Mark to Make Believe

I have to share this gem from Barry Ritholtz:

"Thanks to the Congressionally mandated FASB rule changes back in March
of 2009, Mark-to-Market has been changed to Mark-to-Make-Believe.

We do
not know if these banks are actually profitable, whether they are barely
solvent (Chase/JPM), somewhat insolvent (BofA) or totally insolvent


Barry believes the bonuses are based on 'massive fraud.'  The government gives money to the banks at 0% and then borrows that same cash by issuing bonds that pay 3%.  How difficult is it to make money when doing that?

I must agree.  Sure the bonuses make me angry, but the bonuses are not the major issue. It's that these banks were bailed out to contribute to the economy.  They were supposed to lend money to qualified borrowers and to help small business survive and prosper.

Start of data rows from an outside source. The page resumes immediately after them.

(* For any $\bm f\in\mathscr{F}$, the function $x_{\bm f}$ is not differentiable at any point $t\in[0,1]$ at which $f_\infty$ is continuous and $f_\infty(t)\neq0$. In particular, $x_{\bm f}$ is not differentiable at almost every point of $\{f_\infty\neq0\}$.
   Context: Faber--Schauder functions: $e_{0,0}(t)=\max\{0,\min\{t,1-t\}\}$, $e_{n,k}(t)=2^{-n/2}e_{0,0}(2^nt-k)$ for $n\ge1$, $k=0,\dots,2^n-1$. $\mathscr{F}$ is the class of sequences $\bm f=(f_n)_{n\ge0}$ of bounded functions $f_n:[0,1]\to\mathbb{R}$ converging uniformly to a Riemann integrable function $f_\infty$. For $\bm f\in\mathscr{F}$, $x_{\bm f}:=\sum_{n=0}^\infty\sum_{k=0}^{2^n-1}f_n(k2^{-n})e_{n,k}$. *)

theory Defs
  imports "HOL-Analysis.Analysis"
begin

definition e00 :: "real \<Rightarrow> real" where
  "e00 t = max 0 (min t (1 - t))"

definition schauder :: "nat \<Rightarrow> nat \<Rightarrow> real \<Rightarrow> real" where
  "schauder n k t = (if n = 0 then e00 t
                     else 2 powr (- real n / 2) * e00 (2 ^ n * t - real k))"

definition riemann_integrable :: "(real \<Rightarrow> real) \<Rightarrow> real \<Rightarrow> real \<Rightarrow> bool" where
  "riemann_integrable f a b \<longleftrightarrow>
     bounded (f ` {a..b}) \<and>
     (\<forall>\<epsilon>>0. \<exists>(m::nat) (x::nat \<Rightarrow> real).
        x 0 = a \<and> x m = b \<and> (\<forall>i<m. x i < x (Suc i)) \<and>
        (\<Sum>i<m. ((SUP s\<in>{x i..x (Suc i)}. f s) - (INF s\<in>{x i..x (Suc i)}. f s))
                   * (x (Suc i) - x i)) < \<epsilon>)"

definition in_class_F :: "(nat \<Rightarrow> real \<Rightarrow> real) \<Rightarrow> (real \<Rightarrow> real) \<Rightarrow> bool" where
  "in_class_F f finf \<longleftrightarrow>
     (\<forall>n. bounded (f n ` {0..1})) \<and>
     uniform_limit {0..1} f finf sequentially \<and>
     riemann_integrable finf 0 1"

definition x_f :: "(nat \<Rightarrow> real \<Rightarrow> real) \<Rightarrow> real \<Rightarrow> real" where
  "x_f f t = (\<Sum>n. \<Sum>k<2 ^ n. f n (real k / 2 ^ n) * schauder n k t)"

end

theory Submission
  imports Defs
begin

text \<open>
  The level-\<open>N\<close> coefficients of \<open>x_f\<close> are recovered from second differences: on a dyadic
  interval \<open>[a, b]\<close> of length \<open>2^-N\<close> with midpoint \<open>m\<close>, the levels below \<open>N\<close> are affine and
  the levels above \<open>N\<close> vanish at \<open>a\<close>, \<open>m\<close>, \<open>b\<close>, so
  \<open>x_f(m) - (x_f(a) + x_f(b))/2 = f\<^sub>N(a) 2^(-N/2) / 2\<close>.
  If \<open>x_f\<close> is differentiable at \<open>t\<close>, this second difference is \<open>o(2^-N)\<close> along the dyadic
  intervals containing \<open>t\<close>, hence \<open>f\<^sub>N(a\<^sub>N) \<rightarrow> 0\<close>; but uniform convergence and continuity of
  \<open>f\<^sub>\<infinity>\<close> at \<open>t\<close> give \<open>f\<^sub>N(a\<^sub>N) \<rightarrow> f\<^sub>\<infinity>(t)\<close>. The almost-everywhere statement follows from
  Lebesgue's criterion: a Riemann integrable function is continuous almost everywhere.
\<close>

section \<open>Second differences of the Faber--Schauder series\<close>

definition schauder_layer :: "(nat \<Rightarrow> real \<Rightarrow> real) \<Rightarrow> nat \<Rightarrow> real \<Rightarrow> real" where
  "schauder_layer f n t = (\<Sum>k<2 ^ n. f n (real k / 2 ^ n) * schauder n k t)"

lemma x_f_eq_suminf_schauder_layer: "x_f f t = (\<Sum>n. schauder_layer f n t)"
  by (simp add: x_f_def schauder_layer_def)

lemma e00_of_int: "e00 (of_int z) = 0"
  by (cases "z \<le> 0") (auto simp: e00_def)

lemma schauder_eq_scaled:
  "k < 2 ^ n \<Longrightarrow> schauder n k t = 2 powr (- real n / 2) * e00 (2 ^ n * t - real k)"
  by (cases "n = 0") (auto simp: schauder_def)

lemma schauder_layer_grid_eq_0:
  assumes "2 ^ n * p = real_of_int z"
  shows "schauder_layer f n p = 0"
  unfolding schauder_layer_def
proof (rule sum.neutral, intro ballI)
  fix k assume "k \<in> {..<(2::nat) ^ n}"
  moreover have "e00 (2 ^ n * p - real k) = 0"
    using assms e00_of_int[of "z - int k"] by simp
  ultimately show "f n (real k / 2 ^ n) * schauder n k p = 0"
    by (simp add: schauder_eq_scaled)
qed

Why take that risk when the government hands them a free, 3% arbitrage opportunity?  This stinks.  And the new, proposed tax isn't good enough.


4 Responses to Mark to Make Believe

  1. JV 01/15/2010 at 9:59 AM #

    Not sure how to post here but have a simple question.
    If short call goes ITM enough the purchaser will exercise it. In a spread situation is this the same on stock and index. if for example I short the RUT at 650, go long at 660 and index settles at say 657 on expiration can the buyer exercise this? Same with a stock like Apple or whatever. If the stock settles between my short and long at expiration could I be in jeopardy of having to supply the shares?

  2. Mark Wolfinger 01/15/2010 at 10:29 AM #

    Hi JV
    1) You posted correctly.
    2) The owner of a call option should almost NEVER exercise an option any earlier than necessary. And that’s when expiration arrives. But it does happen on occasion.
    There are exceptions (capturing a dividend), but for most purposes, you can ignore that.
    2) Yes, the option owner can exercise. there is no ‘can’ about it. He/she WILL exercise. In fact, these days, it’s done automatically.
    This has nothing to do with your other positions. It does not matter whether you bought of sold the RUT 660 calls – or any other option. The owner of the 650 call is going to exercise.
    3) I hope you know that RUT is a European style option and that means it settles in cash. In your example, $700 (the intrinsic value of the option, or the amount by which RUT settlement price exceeds the strike price) is removed from your account for each option you are short.
    That just means you are re-purchasing the option at it’s intrinsic value.
    No shares are involved.
    4) Stocks, such as AAPL do not settle in cash. They are American style options and settle in shares.
    If you do not buy back the calls (that are in the money) and are still short those calls by the time expiration arrives, then you will be assigned an exercise notice and must deliver the shares.
    If your long calls are also in the money, you simply exercise them and you have no worries (although the call spread that you sold has lost the maximum possible amount).
    If the call you own is out of the money, do not exercise it.
    You have a few alternatives:
    a) buy back the option you sold. End of problem. Best solution.
    b) do nothing. Your account will be short 100 shares of AAPL stock for each call option. This is a risky position and you probably do not want to do it, but it is an alternative. That is, if your account is allowed to be short shares. Not all investors have such accounts.
    c) buy shares to cover the short options. I don’t like this choice either, but it works.
    BUYING BACK THE OPTION is the best, quickest, simplest way out of this jam. Yes, you probably have a loss, but you already have that – and getting out of the current pickle is your first priority.

  3. Andy 01/16/2010 at 1:46 AM #

    thanks for pointing out this article. It seems to make sense and explains why the market did what it did after chase reported earnings on friday. I wonder, how can I comfortably invest when such volatile changes are happening?

  4. Mark Wolfinger 01/16/2010 at 10:14 AM #

    Them market move had nothing to do with this ‘news.’
    Comfort is individual. To me these markets are ultra calm and ultra stable. Apparently you have a different perspective.
    If uncomfortable, find a conservative play that meets your needs. It may be Treasury bills if you want no risk.